District leaders tipped on Ebola fight
Thursday, June 06, 2019
A health worker uses a thermometer to test temperature checking for signs of Ebola virus to passengers from Uganda to Rwanda at Gatuna Border in Gicumbi District on May 27, 2019. / Emmanuel Kwizera

Vice mayors in charge of social welfare from 13 districts across the country have received training on how to handle the threat of Ebola and make citizens aware of the virus.

Earlier, the officials convened in Western Province’s Rubavu District and received vigilance tips from the World Health Organisation (WHO) in collaboration with the Ministry of Health.

The officials were drawn from districts that are more susceptible to the Ebola epidemic, including Nyarugenge, Gasabo, Kicukiro, Rubavu, Rutsiro, Nyamasheke, Musanze, Nyabihu, Burera, Gicumbi, Nyagatare, Karongi, and Rusizi.

They received sensitisation tips to help them inform citizens of their respective districts about how to avoid Ebola, as well as how to react if they encountered cases of the disease.

The epidemic remains a menace in the neighbouring Democratic Republic of Congo where new cases have been taken care of for close to a year.

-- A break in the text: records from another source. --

end

theory Submission
  imports Defs
begin

text \<open>
  Both separations use a single attribute with the discrete taxonomy on \<open>{0..n}\<close>. The
  statements of the witness formulas only ask which of the classes \<open>{0}\<close>, \<open>{1}\<close>, \<open>{2..n}\<close>
  the two tuples belong to, so each is the lifting \<open>block_rel\<close> of a relation between three
  classes, and \<open>T\<close>, \<open>S\<close>, cleanup and the strict part can be computed on these finite relations.

  For \<open>TST\<close> versus \<open>STST\<close> take the symmetric statement \<open>P = {0}\<times>{\<noteq>0} \<union> {\<noteq>0}\<times>{0}\<close> and
  its half \<open>P' = {0}\<times>{\<noteq>0}\<close>. Applying \<open>T\<close> first absorbs \<open>P'\<close> into \<open>P\<close> and everything stays
  symmetric, so no tuple is strictly preferred. Applying \<open>S\<close> first cuts \<open>P\<close> down to \<open>P'\<close>,
  since \<open>P'(y,x)\<close> implies \<open>P(x,y)\<close>; then \<open>0\<close> beats every other value. For the converse pair
  take \<open>{0}\<times>{1}\<close>, the symmetric \<open>{1}\<times>{\<ge>2} \<union> {\<ge>2}\<times>{1}\<close> and its half \<open>{\<ge>2}\<times>{1}\<close>. Now
  \<open>T\<close> first composes \<open>{0}\<times>{1}\<close> with the symmetric statement to \<open>{0}\<times>{\<ge>2}\<close>, which survives,
  whereas \<open>S\<close> first cuts the symmetric statement down to its half, after which nothing
  beats a value \<open>\<ge> 2\<close>.

  On the relation of the \<open>n\<close> tuples with values \<open>0, 2, \<dots>, n\<close>, the \<open>n - 1\<close> tuples with value
  at least 2 are best for one sequence and dominated for the other, and a difference of
  two subsets of an \<open>n\<close>-element relation never has more than \<open>n\<close> elements.
\<close>

section \<open>Cleanup and the operators T and S\<close>

lemma cleanup_cofinal:
  assumes "G \<subseteq> C" and cofinal: "\<And>R. R \<in> C \<Longrightarrow> \<exists>g\<in>G. R \<le> g"
  shows "cleanup C = cleanup G"
proof (intro set_eqI iffI)
  fix R assume R: "R \<in> cleanup C"
  then obtain g where "g \<in> G" "R \<le> g" using cofinal by (auto simp: cleanup_def)
  with R assms(1) show "R \<in> cleanup G"
    by (auto simp: cleanup_def order.order_iff_strict)
next
  fix g assume g: "g \<in> cleanup G"
  have "\<not> g < Q" if "Q \<in> C" for Q
    using cofinal[OF that] g by (auto simp: cleanup_def dest: less_le_trans)
  with g assms(1) show "g \<in> cleanup C" by (auto simp: cleanup_def)
qed

lemma comps_bounded:
  assumes "F \<subseteq> G" and closed: "\<And>P Q. P \<in> F \<Longrightarrow> Q \<in> G \<Longrightarrow> \<exists>g\<in>G. compose D P Q \<le> g"
    and "R \<in> comps D F"
  shows "\<exists>g\<in>G. R \<le> g"
  using \<open>R \<in> comps D F\<close>
proof induction
  case (base P)
  then show ?case using \<open>F \<subseteq> G\<close> by auto
next
  case (step P Q)
  then obtain g where "g \<in> G" "Q \<le> g" by blast
  then have "compose D P Q \<le> compose D P g" by (auto simp: compose_def le_fun_def)
  moreover obtain h where "h \<in> G" "compose D P g \<le> h" using closed[OF step.hyps(1) \<open>g \<in> G\<close>] by blast
  ultimately show ?case by (blast intro: order_trans)
qed

lemma opT_eq_cleanup:
  assumes "F \<subseteq> G" "G \<subseteq> comps D F"
    and "\<And>P Q. P \<in> F \<Longrightarrow> Q \<in> G \<Longrightarrow> \<exists>g\<in>G. compose D P Q \<le> g"
  shows "opT D F = cleanup G"
  unfolding opT_def using assms by (intro cleanup_cofinal comps_bounded)

lemma opS_stable: "stable F \<Longrightarrow> opS F = cleanup F"
  by (simp add: opS_def)

lemma opS_one_round:
  assumes "\<not> stable F" "stable (round F)"
  shows "opS F = cleanup (round F)"
proof -
  have "(LEAST k. stable ((round ^^ k) F)) = 1"
    by (rule Least_equality) (use assms in \<open>auto intro!: Suc_leI gr0I\<close>)
  then show ?thesis by (simp add: opS_def)
qed

section \<open>Statements lifted from relations between classes\<close>

definition block_rel :: "('c \<Rightarrow> tup \<Rightarrow> bool) \<Rightarrow> ('c \<times> 'c) set \<Rightarrow> srel" where
  "block_rel K R x y \<longleftrightarrow> (\<exists>(a, b)\<in>R. K a x \<and> K b y)"

definition cleanup_rel :: "('c \<times> 'c) set set \<Rightarrow> ('c \<times> 'c) set set" where
  "cleanup_rel H = {R \<in> H. R \<noteq> {} \<and> \<not> (\<exists>Q\<in>H. R \<subset> Q)}"

definition Impl_rel :: "('c \<times> 'c) set set \<Rightarrow> ('c \<times> 'c) set \<Rightarrow> ('c \<times> 'c) set set" where
  "Impl_rel F P = {Q \<in> F. Q\<inverse> \<subseteq> P \<and> \<not> P \<subseteq> Q\<inverse>}"

definition round_rel :: "('c \<times> 'c) set set \<Rightarrow> ('c \<times> 'c) set set" where
  "round_rel F = (\<lambda>P. P - (\<Union>Q\<in>Impl_rel F P. Q\<inverse>)) ` F"

definition stable_rel :: "('c \<times> 'c) set set \<Rightarrow> bool" where
  "stable_rel F \<longleftrightarrow> (\<forall>P\<in>F. Impl_rel F P = {})"

lemma block_rel_converse: "block_rel K (R\<inverse>) x y \<longleftrightarrow> block_rel K R y x"
  by (auto simp: block_rel_def)

lemma induced_block_rel: "induced (block_rel K ` F) = block_rel K (\<Union>F)"
  by (auto simp: fun_eq_iff induced_def block_rel_def)

locale block_partition =
  fixes D :: "tup set" and K :: "'c \<Rightarrow> tup \<Rightarrow> bool"
  assumes block_subset: "K a t \<Longrightarrow> t \<in> D"
    and block_disjoint: "K a t \<Longrightarrow> K b t \<Longrightarrow> a = b"
    and block_nonempty: "\<exists>t. K a t"
begin

lemma block_rel_iff:
  assumes "K a x" "K b y"
  shows "block_rel K R x y \<longleftrightarrow> (a, b) \<in> R"
proof
  assume "block_rel K R x y"
  then obtain a' b' where "(a', b') \<in> R" "K a' x" "K b' y" by (auto simp: block_rel_def)
  with assms show "(a, b) \<in> R" using block_disjoint by metis
qed (use assms in \<open>auto simp: block_rel_def\<close>)

lemma block_rel_le_iff: "block_rel K R \<le> block_rel K Q \<longleftrightarrow> R \<subseteq> Q"
proof
  assume le: "block_rel K R \<le> block_rel K Q"
  show "R \<subseteq> Q"
  proof clarify
    fix a b assume "(a, b) \<in> R"
    obtain x y where xy: "K a x" "K b y" using block_nonempty by meson
    with \<open>(a, b) \<in> R\<close> have "block_rel K R x y" by (simp add: block_rel_iff)
    with le have "block_rel K Q x y" by (simp add: le_fun_def)
    with xy show "(a, b) \<in> Q" by (simp add: block_rel_iff)
  qed
qed (auto simp: le_fun_def block_rel_def)

lemma block_rel_less_iff: "block_rel K R < block_rel K Q \<longleftrightarrow> R \<subset> Q"
  by (simp add: less_le_not_le block_rel_le_iff)

lemma ex_block_rel_iff: "(\<exists>x y. block_rel K R x y) \<longleftrightarrow> R \<noteq> {}"
proof
  assume "R \<noteq> {}"
  then obtain a b where "(a, b) \<in> R" by auto
  moreover obtain x y where "K a x" "K b y" using block_nonempty by meson
  ultimately show "\<exists>x y. block_rel K R x y" by (fastforce simp: block_rel_def)
qed (auto simp: block_rel_def)

lemma compose_block_rel: "compose D (block_rel K R) (block_rel K Q) = block_rel K (R O Q)"
proof (intro ext iffI)
  fix x y assume "compose D (block_rel K R) (block_rel K Q) x y"
  then obtain z a c c' b where "(a, c) \<in> R" "(c', b) \<in> Q" "K a x" "K c z" "K c' z" "K b y"
    by (auto simp: compose_def block_rel_def)
  moreover have "c = c'" using \<open>K c z\<close> \<open>K c' z\<close> by (rule block_disjoint)
  ultimately show "block_rel K (R O Q) x y" by (auto simp: block_rel_def)
next
  fix x y assume "block_rel K (R O Q) x y"
  then obtain a c b where "(a, c) \<in> R" "(c, b) \<in> Q" "K a x" "K b y" by (auto simp: block_rel_def)
  moreover obtain z where "K c z" using block_nonempty by blast
  ultimately show "compose D (block_rel K R) (block_rel K Q) x y"
    using block_subset by (auto simp: compose_def block_rel_def)
qed

lemma block_rel_diff_converse:
  "block_rel K P x y \<and> (\<forall>Q\<in>Qs. \<not> block_rel K Q y x) \<longleftrightarrow> block_rel K (P - (\<Union>Q\<in>Qs. Q\<inverse>)) x y"
proof (cases "\<exists>a b. K a x \<and> K b y")
  case True
  then obtain a b where "K a x" "K b y" by blast
  then show ?thesis by (simp add: block_rel_iff)
qed (auto simp: block_rel_def)

lemma strict_block_rel: "strict (block_rel K ` F) = block_rel K (\<Union>F - (\<Union>F)\<inverse>)"
  using block_rel_diff_converse[of _ _ _ "{\<Union>F}"]
  by (simp add: fun_eq_iff strict_def induced_block_rel)

lemma cleanup_block_rel: "cleanup (block_rel K ` H) = block_rel K ` cleanup_rel H"
  unfolding cleanup_def cleanup_rel_def Compr_image_eq bex_simps(7) ex_block_rel_iff
    block_rel_less_iff ..

lemma Impl_block_rel: "Impl (block_rel K ` F) (block_rel K P) = block_rel K ` Impl_rel F P"
proof -
  have "(\<forall>x y. block_rel K Q y x \<longrightarrow> block_rel K P x y) \<longleftrightarrow> Q\<inverse> \<subseteq> P"
    and "(\<forall>x y. block_rel K P x y \<longrightarrow> block_rel K Q y x) \<longleftrightarrow> P \<subseteq> Q\<inverse>" for Q
    by (simp_all add: block_rel_le_iff[symmetric] le_fun_def block_rel_converse)
  then show ?thesis unfolding Impl_def Impl_rel_def Compr_image_eq by simp
qed

lemma stable_block_rel: "stable (block_rel K ` F) \<longleftrightarrow> stable_rel F"
  by (simp add: stable_def stable_rel_def Impl_block_rel)

lemma round_block_rel: "round (block_rel K ` F) = block_rel K ` round_rel F"
proof -
  have eq: "(if Impl (block_rel K ` F) (block_rel K P) = {} then block_rel K P
         else (\<lambda>x y. block_rel K P x y \<and> (\<forall>Q\<in>Impl (block_rel K ` F) (block_rel K P). \<not> Q y x)))
        = block_rel K (P - (\<Union>Q\<in>Impl_rel F P. Q\<inverse>))" for P
    by (simp add: fun_eq_iff Impl_block_rel block_rel_diff_converse[symmetric])
  show ?thesis unfolding round_def round_rel_def image_image eq ..
qed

Bosco Gasherebuka, a Citizens Outreach Officer with WHO, said that the training is aimed at empowering the leaders so they can reach out to their citizens with necessary knowledge about Ebola prevention.

The leaders were also provided with tips on how to behave in case they encountered an Ebola case.

"The motive of the training is to see that people will be able to prevent Ebola. The vice mayors in charge of social welfare are important in this because they have to partner with their citizens to implement the measures,” he said.

Gasherebuka said that Rwanda has worked on requirements in regard to preventing the epidemic.

"The first thing is to put in place measures to inspect people coming from an Ebola zone. Another is to see that your citizens know how to behave in case the disease came into their border,” he said.

He added that not only vice-mayors received the training, but other institutions in charge of citizen sensitisation were tipped as well.

The official indicated that knowledge about the disease is crucial because in some cases the epidemic was in the past understood as witchcraft in some places where people were experiencing it for the first time.

"If it came to Rwanda, we don’t want people to be ignorant since it spreads fast and easily through contact with body fluids of the infected person,” he said.

For Marie-Grace Uwampayizina, the Vice Mayor in charge of social welfare in Rubavu District, the training about Ebola prevention is a useful one.

"For us as leaders, knowing information about how people can protect themselves against the disease helps us to get a way of talking to our citizens about prevention,” she said.

She also said that she now knows how to react in case of an Ebola outbreak in her region.

Her district has introduced measures to deal with the epidemic, including medics at the border with the DRC checking up people to find out if they don’t have Ebola signs before they cross into the country.

There has also been sensitisation to the people in Rubavu during Tuesday citizens’ meetings, as well as on the last Saturdays of the month after Umuganda community work.

"What is more important is sensitising people,” Uwampayizina said.

Among other measures to fight Ebola, the Ministry of Health launched a campaign in April to vaccinate 3000 health and frontline health workers against the Ebola virus in some fifteen districts across the country.